text \<open>A spherical polygon [u_0,...,u_{n-1}] is given by u :: nat => pt and n;
  indices are taken mod n.\<close>
definition vertex_set :: "(nat \<Rightarrow> pt) \<Rightarrow> nat \<Rightarrow> pt set" where
  "vertex_set u n = u ` {..<n}"

definition edge :: "(nat \<Rightarrow> pt) \<Rightarrow> nat \<Rightarrow> nat \<Rightarrow> pt set" where
  "edge u n i = sph_arc (u (i mod n)) (u (Suc i mod n))"

definition spherical_polygon :: "(nat \<Rightarrow> pt) \<Rightarrow> nat \<Rightarrow> bool" where
  "spherical_polygon u n \<longleftrightarrow> n \<ge> 3 \<and> (\<forall>i<n. norm (u i) = 1) \<and>
     (\<forall>i<n. \<forall>j<n. \<forall>k<n. i \<noteq> j \<and> j \<noteq> k \<and> i \<noteq> k \<longrightarrow>
        \<not> (\<exists>v. v \<noteq> 0 \<and> v \<bullet> u i = 0 \<and> v \<bullet> u j = 0 \<and> v \<bullet> u k = 0))"

definition nonadjacent_edges :: "nat \<Rightarrow> nat \<Rightarrow> nat \<Rightarrow> bool" where
  "nonadjacent_edges n i j \<longleftrightarrow> i < n \<and> j < n \<and> i \<noteq> j \<and> j \<noteq> Suc i mod n \<and> i \<noteq> Suc j mod n"

definition self_intersecting :: "(nat \<Rightarrow> pt) \<Rightarrow> nat \<Rightarrow> bool" where
  "self_intersecting u n \<longleftrightarrow>
     (\<exists>i j. nonadjacent_edges n i j \<and> edge u n i \<inter> edge u n j \<noteq> {})"

definition antipodal_intersecting :: "(nat \<Rightarrow> pt) \<Rightarrow> nat \<Rightarrow> bool" where
  "antipodal_intersecting u n \<longleftrightarrow>
     (\<exists>i j. nonadjacent_edges n i j \<and> edge u n i \<inter> uminus ` edge u n j \<noteq> {})"

definition essential :: "(nat \<Rightarrow> pt) \<Rightarrow> nat \<Rightarrow> nat \<Rightarrow> bool" where
  "essential u n m \<longleftrightarrow> m < n \<and> \<not> balanced (vertex_set u n - {u m})"

end

theory Submission
  imports Defs
begin

(* Suppose u_i and u_(i+1) are both essential. The polygon is balanced, so it has vertices
   strictly on both sides of the great circle through u_i and u_(i+1); hence some edge
   [u_d, u_(d+1)] not adjacent to [u_i, u_(i+1)] crosses that circle, at a point
   z = alpha u_i + beta u_(i+1). Essentiality of u_i yields a closed hemisphere containing all
   vertices but u_i; it contains z, which rules out alpha > 0 > beta, and symmetrically u_(i+1)
   rules out beta > 0 > alpha. So z or -z lies on [u_i, u_(i+1)]: a self-intersection or an
   antipodal intersection. *)

lemma cross3_decomposition:
  fixes a b q :: "real^3"
  defines "N \<equiv> cross3 a b"
  shows "(N \<bullet> N) *\<^sub>R q = (cross3 q b \<bullet> N) *\<^sub>R a + (cross3 a q \<bullet> N) *\<^sub>R b + (q \<bullet> N) *\<^sub>R N"
  unfolding N_def vec_eq_iff forall_3 by (simp add: cross3_simps)

lemma common_normal_if_triple_product_zero:
  fixes a b c :: "real^3"
  assumes "cross3 a b \<bullet> c = 0"
  shows "\<exists>v. v \<noteq> 0 \<and> v \<bullet> a = 0 \<and> v \<bullet> b = 0 \<and> v \<bullet> c = 0"
proof -
  let ?A = "vector [a, b, c] :: real^3^3"
  have "det ?A = 0"
    by (metis assms cross_triple dot_cross_det inner_commute)
  then obtain v where "v \<noteq> 0" "?A *v v = 0"
    using matrix_nonfull_linear_equations_eq det_eq_0_rank by (metis less_irrefl)
  then have "?A $ k \<bullet> v = 0" for k
    by (metis matrix_vector_mul_component zero_index)
  from this [of 1] this [of 2] this [of 3] \<open>v \<noteq> 0\<close> show ?thesis
    by (auto simp: inner_commute)
qed

lemma orthogonal_cross3_imp_combination:
  fixes a b q :: "real^3"
  assumes "q \<bullet> cross3 a b = 0" and "cross3 a b \<noteq> 0"
  obtains \<alpha> \<beta> where "q = \<alpha> *\<^sub>R a + \<beta> *\<^sub>R b"
proof -
  let ?N = "cross3 a b"
  have "q = inverse (?N \<bullet> ?N) *\<^sub>R ((?N \<bullet> ?N) *\<^sub>R q)"
    using assms(2) by simp
  also have "\<dots> = ((cross3 q b \<bullet> ?N) / (?N \<bullet> ?N)) *\<^sub>R a + ((cross3 a q \<bullet> ?N) / (?N \<bullet> ?N)) *\<^sub>R b"
    using cross3_decomposition [of a b q] assms(1) by (simp add: scaleR_add_right divide_inverse_commute)
  finally show thesis
    by (rule that)
qed

lemma nat_sign_change:
  fixes g :: "nat \<Rightarrow> real"
  assumes "a \<le> b" and "g a * g b < 0"
  shows "\<exists>k\<in>{a..<b}. g k * g (Suc k) \<le> 0"
  using assms
proof (induction b rule: dec_induct)
  case base
  then show ?case
    by (simp add: mult_less_0_iff)
next
  case (step m)
  show ?case
  proof (cases "g a * g m < 0")
    case True
    with step.IH show ?thesis
      by auto
  next
    case False
    with step.prems have "g m * g (Suc m) \<le> 0"
      by (auto simp: mult_less_0_iff mult_le_0_iff)
    with step.hyps show ?thesis
      by auto
  qed
qed
lemma proots_char_poly_Lmat_S_map:
  assumes "N \<ge> 2" and "s = 1 \<or> s = -1"
  shows "proots (char_poly (Lmat N s (S_map N (b,a))))
    = image_mset uminus (proots (char_poly (Lmat N ((-1)^N * s) (b,a))))"
proof -
  obtain as where "char_poly (Lmat N ((-1)^N * s) (b,a)) = (\<Prod>a\<leftarrow>as. [:- a, 1:])" "length as = N"
    using char_poly_Lmat_factorized by blast
  with assms show ?thesis
    unfolding char_poly_Lmat_S_map[OF assms] by (intro proots_char_poly_uminus) simp_all
qed

lemma proots_Lmat_S_map_both_signs:
  assumes "N \<ge> 2"
  shows "proots (char_poly (Lmat N 1 (S_map N (b,a)))) + proots (char_poly (Lmat N (-1) (S_map N (b,a))))
    = image_mset uminus (proots (char_poly (Lmat N 1 (b,a))) + proots (char_poly (Lmat N (-1) (b,a))))"
  using proots_char_poly_Lmat_S_map[OF assms, of 1] proots_char_poly_Lmat_S_map[OF assms, of "-1"]
  by (cases "even N") (simp_all add: add.commute)

lemma lam_S_map:
  assumes "N \<ge> 2" and "j \<in> {1..2*N}"
  shows "lam N (S_map N (b,a)) j = - lam N (b,a) (2*N + 1 - j)"
proof -
  let ?M = "proots (char_poly (Lmat N 1 (b,a))) + proots (char_poly (Lmat N (-1) (b,a)))"
  have size: "size ?M = 2 * N"
    by (simp add: size_proots_char_poly_Lmat)
  have "lam N (S_map N (b,a)) j = sorted_list_of_multiset (image_mset uminus ?M) ! (j - 1)"
    unfolding lam_def proots_Lmat_S_map_both_signs[OF assms(1)] ..
  also have "\<dots> = - sorted_list_of_multiset ?M ! (size ?M - 1 - (j - 1))"
    using assms(2) size by (intro nth_sorted_list_of_multiset_image_uminus) auto
  also have "\<dots> = - lam N (b,a) (2*N + 1 - j)"
    unfolding lam_def size using assms(2) by (simp add: Suc_diff_le)
  finally show ?thesis .
qed

lemma eigs_Lmat_S_map:
  assumes "N \<ge> 2" and "s = 1 \<or> s = -1" and "j < N"
  shows "eigs (Lmat N s (S_map N (b,a))) ! j = - eigs (Lmat N ((-1)^N * s) (b,a)) ! (N - 1 - j)"
  using assms unfolding eigs_def proots_char_poly_Lmat_S_map[OF assms(1,2)]
  by (simp add: nth_sorted_list_of_multiset_image_uminus size_proots_char_poly_Lmat)

lemma gap_S_map:
  assumes "N \<ge> 2" and "k \<in> {1..N-1}"
  shows "gap N (S_map N (b,a)) k = gap N (b,a) (N - k)"
proof -
  have k: "2*k + 1 \<in> {1..2*N}" "2*k \<in> {1..2*N}"
    and idx: "2*N + 1 - (2*k + 1) = 2 * (N - k)" "2*N + 1 - 2*k = 2 * (N - k) + 1"
    using assms(2) by auto
  show ?thesis
    using lam_S_map[OF assms(1) k(1)] lam_S_map[OF assms(1) k(2)]
    unfolding gap_def idx by simp
qed

theorem lemma2p3:
  fixes N :: nat and b a :: "nat \<Rightarrow> real"
  assumes "N \<ge> 2"
    and "\<forall>n\<in>{1..N}. a n > 0"
  shows "(\<forall>j\<in>{1..2*N}. lam N (S_map N (b, a)) j = - lam N (b, a) (2*N + 1 - j))
    \<and> (even N \<longrightarrow> (\<forall>j\<in>{1..N}. lam_plus N (S_map N (b, a)) j = - lam_plus N (b, a) (N + 1 - j)
                          \<and> lam_minus N (S_map N (b, a)) j = - lam_minus N (b, a) (N + 1 - j)))
    \<and> (odd N \<longrightarrow> (\<forall>j\<in>{1..N}. lam_plus N (S_map N (b, a)) j = - lam_minus N (b, a) (N + 1 - j)
                          \<and> lam_minus N (S_map N (b, a)) j = - lam_plus N (b, a) (N + 1 - j)))
    \<and> (\<forall>k\<in>{1..N-1}. gap N (S_map N (b, a)) k = gap N (b, a) (N - k))"
proof -
  have eigs: "eigs (Lmat N s (S_map N (b,a))) ! (j - 1) = - eigs (Lmat N ((-1)^N * s) (b,a)) ! (N + 1 - j - 1)"
    if "s = 1 \<or> s = -1" "j \<in> {1..N}" for s j
  proof -
    have "j - 1 < N" using that(2) by auto
    with that(2) show ?thesis
      using eigs_Lmat_S_map[OF assms(1) that(1)] by simp
  qed
  show ?thesis
    using assms(1) lam_S_map gap_S_map eigs[of 1] eigs[of "-1"]
    by (auto simp: lam_plus_def lam_minus_def)
qed

end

■ **Exercise objective**:
Search the records for lines holding the word "circle", then copy each line you find.

■ **Your solution**:
   strictly on both sides of the great circle through u_i and u_(i+1); hence some edge
   [u_d, u_(d+1)] not adjacent to [u_i, u_(i+1)] crosses that circle, at a point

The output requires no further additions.